=== BRIEF ===
Given the records below, pull every line with the word "imports" into the answer.

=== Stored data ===
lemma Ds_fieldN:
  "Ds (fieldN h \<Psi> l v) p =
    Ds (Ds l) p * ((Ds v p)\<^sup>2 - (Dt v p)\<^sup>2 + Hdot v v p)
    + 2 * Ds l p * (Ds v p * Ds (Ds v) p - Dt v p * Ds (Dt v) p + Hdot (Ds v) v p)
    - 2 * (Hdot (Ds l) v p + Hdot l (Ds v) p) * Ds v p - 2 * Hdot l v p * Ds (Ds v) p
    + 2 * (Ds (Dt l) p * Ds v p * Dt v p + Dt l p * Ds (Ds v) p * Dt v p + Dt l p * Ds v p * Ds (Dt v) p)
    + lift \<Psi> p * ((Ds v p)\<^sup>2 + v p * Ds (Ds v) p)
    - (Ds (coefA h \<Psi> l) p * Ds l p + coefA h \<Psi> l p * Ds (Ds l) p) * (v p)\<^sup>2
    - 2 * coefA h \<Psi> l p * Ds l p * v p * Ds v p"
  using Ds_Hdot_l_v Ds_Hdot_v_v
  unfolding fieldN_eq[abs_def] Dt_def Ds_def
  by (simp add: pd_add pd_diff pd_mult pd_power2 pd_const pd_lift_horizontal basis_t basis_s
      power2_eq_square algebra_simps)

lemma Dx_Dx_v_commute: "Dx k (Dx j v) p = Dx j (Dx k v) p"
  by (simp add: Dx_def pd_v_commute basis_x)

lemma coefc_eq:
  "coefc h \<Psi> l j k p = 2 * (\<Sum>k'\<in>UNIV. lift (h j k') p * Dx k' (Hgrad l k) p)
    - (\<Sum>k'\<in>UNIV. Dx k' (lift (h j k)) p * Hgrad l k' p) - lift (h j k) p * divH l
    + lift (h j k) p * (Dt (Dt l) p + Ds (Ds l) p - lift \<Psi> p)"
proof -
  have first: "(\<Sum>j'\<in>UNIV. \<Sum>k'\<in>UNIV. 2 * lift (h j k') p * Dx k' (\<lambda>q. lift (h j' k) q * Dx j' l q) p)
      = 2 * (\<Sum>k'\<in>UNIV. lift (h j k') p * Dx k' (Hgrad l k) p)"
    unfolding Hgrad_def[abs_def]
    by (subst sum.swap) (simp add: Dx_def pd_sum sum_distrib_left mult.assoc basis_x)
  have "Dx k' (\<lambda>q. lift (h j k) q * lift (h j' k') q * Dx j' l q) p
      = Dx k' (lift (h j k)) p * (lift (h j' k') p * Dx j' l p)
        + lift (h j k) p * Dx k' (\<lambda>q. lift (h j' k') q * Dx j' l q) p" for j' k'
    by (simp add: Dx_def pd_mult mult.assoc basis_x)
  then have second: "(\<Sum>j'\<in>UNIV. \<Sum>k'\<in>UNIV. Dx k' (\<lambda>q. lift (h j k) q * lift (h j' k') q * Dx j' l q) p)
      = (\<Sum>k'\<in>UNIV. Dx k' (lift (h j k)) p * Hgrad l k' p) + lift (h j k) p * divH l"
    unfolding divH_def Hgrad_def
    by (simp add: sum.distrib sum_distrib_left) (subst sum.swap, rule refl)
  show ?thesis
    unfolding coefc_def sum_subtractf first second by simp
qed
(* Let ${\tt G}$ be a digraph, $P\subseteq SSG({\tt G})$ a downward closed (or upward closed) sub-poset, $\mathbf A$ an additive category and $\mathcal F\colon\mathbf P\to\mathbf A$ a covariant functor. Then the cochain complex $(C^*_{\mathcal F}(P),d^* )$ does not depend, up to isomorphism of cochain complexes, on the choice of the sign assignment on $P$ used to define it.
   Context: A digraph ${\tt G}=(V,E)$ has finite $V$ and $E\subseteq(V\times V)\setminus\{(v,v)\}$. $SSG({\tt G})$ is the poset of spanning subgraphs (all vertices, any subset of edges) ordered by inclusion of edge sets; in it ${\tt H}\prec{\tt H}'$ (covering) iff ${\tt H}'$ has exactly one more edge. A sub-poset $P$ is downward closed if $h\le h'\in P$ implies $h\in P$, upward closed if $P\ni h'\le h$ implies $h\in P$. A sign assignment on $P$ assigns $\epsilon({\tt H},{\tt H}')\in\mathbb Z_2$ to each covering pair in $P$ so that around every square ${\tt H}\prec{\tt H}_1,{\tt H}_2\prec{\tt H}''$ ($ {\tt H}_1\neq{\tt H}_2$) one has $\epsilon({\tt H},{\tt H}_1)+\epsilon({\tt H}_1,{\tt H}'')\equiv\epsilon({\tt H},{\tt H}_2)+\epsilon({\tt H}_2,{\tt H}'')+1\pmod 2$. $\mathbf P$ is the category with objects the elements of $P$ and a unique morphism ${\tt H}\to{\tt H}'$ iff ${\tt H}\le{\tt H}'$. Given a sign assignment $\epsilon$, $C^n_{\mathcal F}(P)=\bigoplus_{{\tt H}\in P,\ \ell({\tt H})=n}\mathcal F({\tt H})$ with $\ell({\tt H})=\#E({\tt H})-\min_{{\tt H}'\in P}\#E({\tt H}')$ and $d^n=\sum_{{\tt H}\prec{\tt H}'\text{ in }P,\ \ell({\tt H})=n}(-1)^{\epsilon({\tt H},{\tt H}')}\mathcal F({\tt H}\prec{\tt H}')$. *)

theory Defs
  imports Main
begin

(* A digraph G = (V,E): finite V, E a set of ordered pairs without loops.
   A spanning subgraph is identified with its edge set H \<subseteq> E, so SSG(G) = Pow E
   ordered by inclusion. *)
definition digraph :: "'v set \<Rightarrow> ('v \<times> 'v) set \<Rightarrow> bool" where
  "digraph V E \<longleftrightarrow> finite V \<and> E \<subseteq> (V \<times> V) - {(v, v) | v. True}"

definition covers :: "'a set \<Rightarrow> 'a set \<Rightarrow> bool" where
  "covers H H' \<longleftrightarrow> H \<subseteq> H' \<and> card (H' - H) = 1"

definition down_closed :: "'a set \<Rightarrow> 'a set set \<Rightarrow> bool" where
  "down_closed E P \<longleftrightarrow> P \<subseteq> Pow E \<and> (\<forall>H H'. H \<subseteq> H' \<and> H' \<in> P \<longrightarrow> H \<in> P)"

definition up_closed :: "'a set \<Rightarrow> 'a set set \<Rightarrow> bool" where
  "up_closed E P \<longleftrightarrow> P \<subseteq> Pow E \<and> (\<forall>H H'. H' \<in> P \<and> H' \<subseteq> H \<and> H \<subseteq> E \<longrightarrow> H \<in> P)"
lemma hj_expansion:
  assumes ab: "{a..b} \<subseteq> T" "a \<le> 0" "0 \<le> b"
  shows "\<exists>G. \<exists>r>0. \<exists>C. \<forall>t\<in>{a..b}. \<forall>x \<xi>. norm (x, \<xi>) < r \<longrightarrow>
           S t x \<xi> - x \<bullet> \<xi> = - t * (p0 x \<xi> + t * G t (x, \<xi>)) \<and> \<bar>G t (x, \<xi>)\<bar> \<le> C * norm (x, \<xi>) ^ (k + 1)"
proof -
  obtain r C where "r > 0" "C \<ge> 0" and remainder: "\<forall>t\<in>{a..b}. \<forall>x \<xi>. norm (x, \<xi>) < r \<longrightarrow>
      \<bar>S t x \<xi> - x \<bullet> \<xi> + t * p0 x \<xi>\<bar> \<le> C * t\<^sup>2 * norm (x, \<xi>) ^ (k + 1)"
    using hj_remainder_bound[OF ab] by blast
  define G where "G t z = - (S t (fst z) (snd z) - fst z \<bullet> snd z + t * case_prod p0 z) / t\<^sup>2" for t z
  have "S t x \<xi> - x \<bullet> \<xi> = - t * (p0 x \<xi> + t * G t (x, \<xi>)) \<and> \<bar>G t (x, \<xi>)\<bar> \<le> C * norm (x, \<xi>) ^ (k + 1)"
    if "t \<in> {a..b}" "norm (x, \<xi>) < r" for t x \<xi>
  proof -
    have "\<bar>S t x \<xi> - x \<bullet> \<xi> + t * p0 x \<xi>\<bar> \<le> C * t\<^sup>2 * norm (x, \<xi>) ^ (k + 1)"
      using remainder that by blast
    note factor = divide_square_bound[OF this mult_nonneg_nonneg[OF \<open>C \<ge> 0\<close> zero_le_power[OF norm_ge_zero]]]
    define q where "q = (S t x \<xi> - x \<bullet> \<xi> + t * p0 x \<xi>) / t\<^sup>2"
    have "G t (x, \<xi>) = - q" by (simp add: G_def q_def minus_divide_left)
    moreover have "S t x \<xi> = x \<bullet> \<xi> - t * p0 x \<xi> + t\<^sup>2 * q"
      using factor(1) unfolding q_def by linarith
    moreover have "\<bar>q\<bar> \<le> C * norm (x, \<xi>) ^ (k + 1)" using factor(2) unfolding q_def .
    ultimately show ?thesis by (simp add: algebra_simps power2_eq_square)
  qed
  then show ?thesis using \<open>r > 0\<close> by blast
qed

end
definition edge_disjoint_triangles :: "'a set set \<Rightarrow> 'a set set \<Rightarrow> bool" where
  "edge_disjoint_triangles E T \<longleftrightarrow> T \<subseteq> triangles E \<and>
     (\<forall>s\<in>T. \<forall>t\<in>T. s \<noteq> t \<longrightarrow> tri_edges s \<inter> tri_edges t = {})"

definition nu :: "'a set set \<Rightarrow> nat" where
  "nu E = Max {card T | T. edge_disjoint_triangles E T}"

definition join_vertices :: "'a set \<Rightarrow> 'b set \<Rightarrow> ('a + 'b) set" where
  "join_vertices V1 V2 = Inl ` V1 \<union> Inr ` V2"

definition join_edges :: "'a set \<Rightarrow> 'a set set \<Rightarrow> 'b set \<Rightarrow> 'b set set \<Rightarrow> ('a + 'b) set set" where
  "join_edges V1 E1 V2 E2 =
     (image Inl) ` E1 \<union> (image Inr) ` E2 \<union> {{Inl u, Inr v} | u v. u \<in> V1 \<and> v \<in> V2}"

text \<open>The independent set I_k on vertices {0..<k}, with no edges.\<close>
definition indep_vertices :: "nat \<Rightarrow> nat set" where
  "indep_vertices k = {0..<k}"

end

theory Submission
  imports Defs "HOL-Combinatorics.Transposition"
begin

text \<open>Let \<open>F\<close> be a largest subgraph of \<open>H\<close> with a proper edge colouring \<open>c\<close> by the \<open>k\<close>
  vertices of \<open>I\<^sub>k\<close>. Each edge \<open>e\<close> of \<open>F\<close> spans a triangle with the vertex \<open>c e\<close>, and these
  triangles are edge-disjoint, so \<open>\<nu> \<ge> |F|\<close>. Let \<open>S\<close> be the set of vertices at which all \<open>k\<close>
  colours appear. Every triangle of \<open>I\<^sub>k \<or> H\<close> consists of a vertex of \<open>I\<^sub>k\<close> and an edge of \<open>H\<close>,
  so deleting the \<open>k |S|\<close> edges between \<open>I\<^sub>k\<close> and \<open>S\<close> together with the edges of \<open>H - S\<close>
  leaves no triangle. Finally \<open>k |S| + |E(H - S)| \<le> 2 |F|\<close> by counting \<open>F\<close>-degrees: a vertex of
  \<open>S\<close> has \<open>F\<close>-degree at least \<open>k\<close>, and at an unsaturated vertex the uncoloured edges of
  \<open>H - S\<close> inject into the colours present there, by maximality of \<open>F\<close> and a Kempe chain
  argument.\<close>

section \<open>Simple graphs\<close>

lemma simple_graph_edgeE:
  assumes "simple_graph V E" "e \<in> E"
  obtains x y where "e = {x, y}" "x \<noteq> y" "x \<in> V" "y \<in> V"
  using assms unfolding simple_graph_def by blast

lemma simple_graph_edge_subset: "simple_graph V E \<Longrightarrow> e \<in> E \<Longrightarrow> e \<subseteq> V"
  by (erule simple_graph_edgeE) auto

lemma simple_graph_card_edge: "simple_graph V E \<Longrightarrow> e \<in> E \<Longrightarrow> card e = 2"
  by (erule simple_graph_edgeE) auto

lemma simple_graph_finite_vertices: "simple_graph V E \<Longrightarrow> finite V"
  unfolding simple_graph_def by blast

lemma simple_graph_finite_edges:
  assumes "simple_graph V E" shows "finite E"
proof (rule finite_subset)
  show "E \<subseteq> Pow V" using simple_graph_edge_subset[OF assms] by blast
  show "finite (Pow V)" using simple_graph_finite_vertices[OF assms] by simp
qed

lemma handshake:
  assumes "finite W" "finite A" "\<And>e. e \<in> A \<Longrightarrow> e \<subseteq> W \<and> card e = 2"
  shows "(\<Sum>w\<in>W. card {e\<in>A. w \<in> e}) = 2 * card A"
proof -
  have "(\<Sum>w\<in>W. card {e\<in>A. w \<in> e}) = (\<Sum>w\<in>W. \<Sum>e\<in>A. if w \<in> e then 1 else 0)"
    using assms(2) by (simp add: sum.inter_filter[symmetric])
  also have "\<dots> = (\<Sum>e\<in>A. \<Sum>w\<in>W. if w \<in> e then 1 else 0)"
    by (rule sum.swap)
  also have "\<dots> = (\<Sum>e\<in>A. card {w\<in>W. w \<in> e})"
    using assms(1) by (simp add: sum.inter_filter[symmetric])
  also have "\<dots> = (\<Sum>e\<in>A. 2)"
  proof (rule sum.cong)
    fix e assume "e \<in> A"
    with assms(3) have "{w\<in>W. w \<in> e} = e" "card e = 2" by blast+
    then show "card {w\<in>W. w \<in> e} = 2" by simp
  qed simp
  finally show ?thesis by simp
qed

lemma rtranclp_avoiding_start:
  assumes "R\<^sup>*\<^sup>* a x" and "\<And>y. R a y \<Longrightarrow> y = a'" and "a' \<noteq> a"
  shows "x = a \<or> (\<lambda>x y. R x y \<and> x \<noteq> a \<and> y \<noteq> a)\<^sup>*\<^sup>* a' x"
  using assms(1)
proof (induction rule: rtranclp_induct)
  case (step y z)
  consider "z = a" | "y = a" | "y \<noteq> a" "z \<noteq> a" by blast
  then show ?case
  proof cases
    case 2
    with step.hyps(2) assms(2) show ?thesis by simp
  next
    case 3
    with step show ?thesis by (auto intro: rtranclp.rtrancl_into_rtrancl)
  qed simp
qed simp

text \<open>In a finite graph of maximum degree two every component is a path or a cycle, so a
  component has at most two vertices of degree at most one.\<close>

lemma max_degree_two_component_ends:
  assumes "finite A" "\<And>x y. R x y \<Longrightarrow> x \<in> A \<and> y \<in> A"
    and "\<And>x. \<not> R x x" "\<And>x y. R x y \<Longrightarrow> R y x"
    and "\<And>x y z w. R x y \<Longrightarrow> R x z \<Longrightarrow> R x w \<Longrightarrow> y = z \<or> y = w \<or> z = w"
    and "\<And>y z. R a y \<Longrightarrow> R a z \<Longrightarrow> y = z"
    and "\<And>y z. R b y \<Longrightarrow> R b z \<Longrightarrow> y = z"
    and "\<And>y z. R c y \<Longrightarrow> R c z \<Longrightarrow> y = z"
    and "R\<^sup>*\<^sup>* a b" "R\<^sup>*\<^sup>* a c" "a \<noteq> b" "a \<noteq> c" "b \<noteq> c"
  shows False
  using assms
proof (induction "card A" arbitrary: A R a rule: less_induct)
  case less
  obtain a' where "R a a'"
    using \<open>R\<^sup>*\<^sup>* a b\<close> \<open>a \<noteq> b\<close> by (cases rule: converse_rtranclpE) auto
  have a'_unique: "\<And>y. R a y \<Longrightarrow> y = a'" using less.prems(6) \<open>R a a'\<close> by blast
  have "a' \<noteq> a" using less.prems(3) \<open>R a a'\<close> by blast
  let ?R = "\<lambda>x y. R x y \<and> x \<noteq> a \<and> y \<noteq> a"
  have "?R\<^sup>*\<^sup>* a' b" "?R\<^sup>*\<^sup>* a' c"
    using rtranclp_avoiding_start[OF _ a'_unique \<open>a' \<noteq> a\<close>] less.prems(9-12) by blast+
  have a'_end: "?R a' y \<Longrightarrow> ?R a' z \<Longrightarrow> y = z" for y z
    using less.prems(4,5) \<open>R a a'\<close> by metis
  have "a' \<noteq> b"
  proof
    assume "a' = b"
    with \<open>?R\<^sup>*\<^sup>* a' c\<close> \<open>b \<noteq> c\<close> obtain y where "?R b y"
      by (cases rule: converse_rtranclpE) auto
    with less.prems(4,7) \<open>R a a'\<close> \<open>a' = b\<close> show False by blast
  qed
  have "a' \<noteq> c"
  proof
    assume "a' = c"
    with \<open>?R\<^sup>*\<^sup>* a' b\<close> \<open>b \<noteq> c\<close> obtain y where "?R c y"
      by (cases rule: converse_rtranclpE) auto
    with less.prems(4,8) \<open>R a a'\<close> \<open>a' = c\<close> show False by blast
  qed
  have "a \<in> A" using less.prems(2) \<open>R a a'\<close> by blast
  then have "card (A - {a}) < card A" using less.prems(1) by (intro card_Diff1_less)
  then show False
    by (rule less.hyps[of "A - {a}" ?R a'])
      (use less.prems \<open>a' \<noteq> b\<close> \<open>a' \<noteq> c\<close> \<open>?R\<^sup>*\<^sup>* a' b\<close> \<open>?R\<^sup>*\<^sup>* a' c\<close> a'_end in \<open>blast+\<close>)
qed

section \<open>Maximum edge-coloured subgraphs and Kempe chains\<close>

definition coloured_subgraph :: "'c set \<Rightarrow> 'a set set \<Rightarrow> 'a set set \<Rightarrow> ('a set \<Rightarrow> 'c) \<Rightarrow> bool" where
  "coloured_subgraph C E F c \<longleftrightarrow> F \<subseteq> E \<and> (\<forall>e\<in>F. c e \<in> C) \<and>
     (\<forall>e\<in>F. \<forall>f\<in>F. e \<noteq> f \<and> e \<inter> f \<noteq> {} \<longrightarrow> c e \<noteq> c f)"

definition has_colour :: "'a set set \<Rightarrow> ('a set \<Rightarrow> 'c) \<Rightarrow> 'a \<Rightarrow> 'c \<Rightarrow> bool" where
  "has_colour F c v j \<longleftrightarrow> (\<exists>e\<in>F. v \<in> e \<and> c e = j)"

=== PROBLEM SOLUTION ===
  imports Main
  imports Defs "HOL-Combinatorics.Transposition"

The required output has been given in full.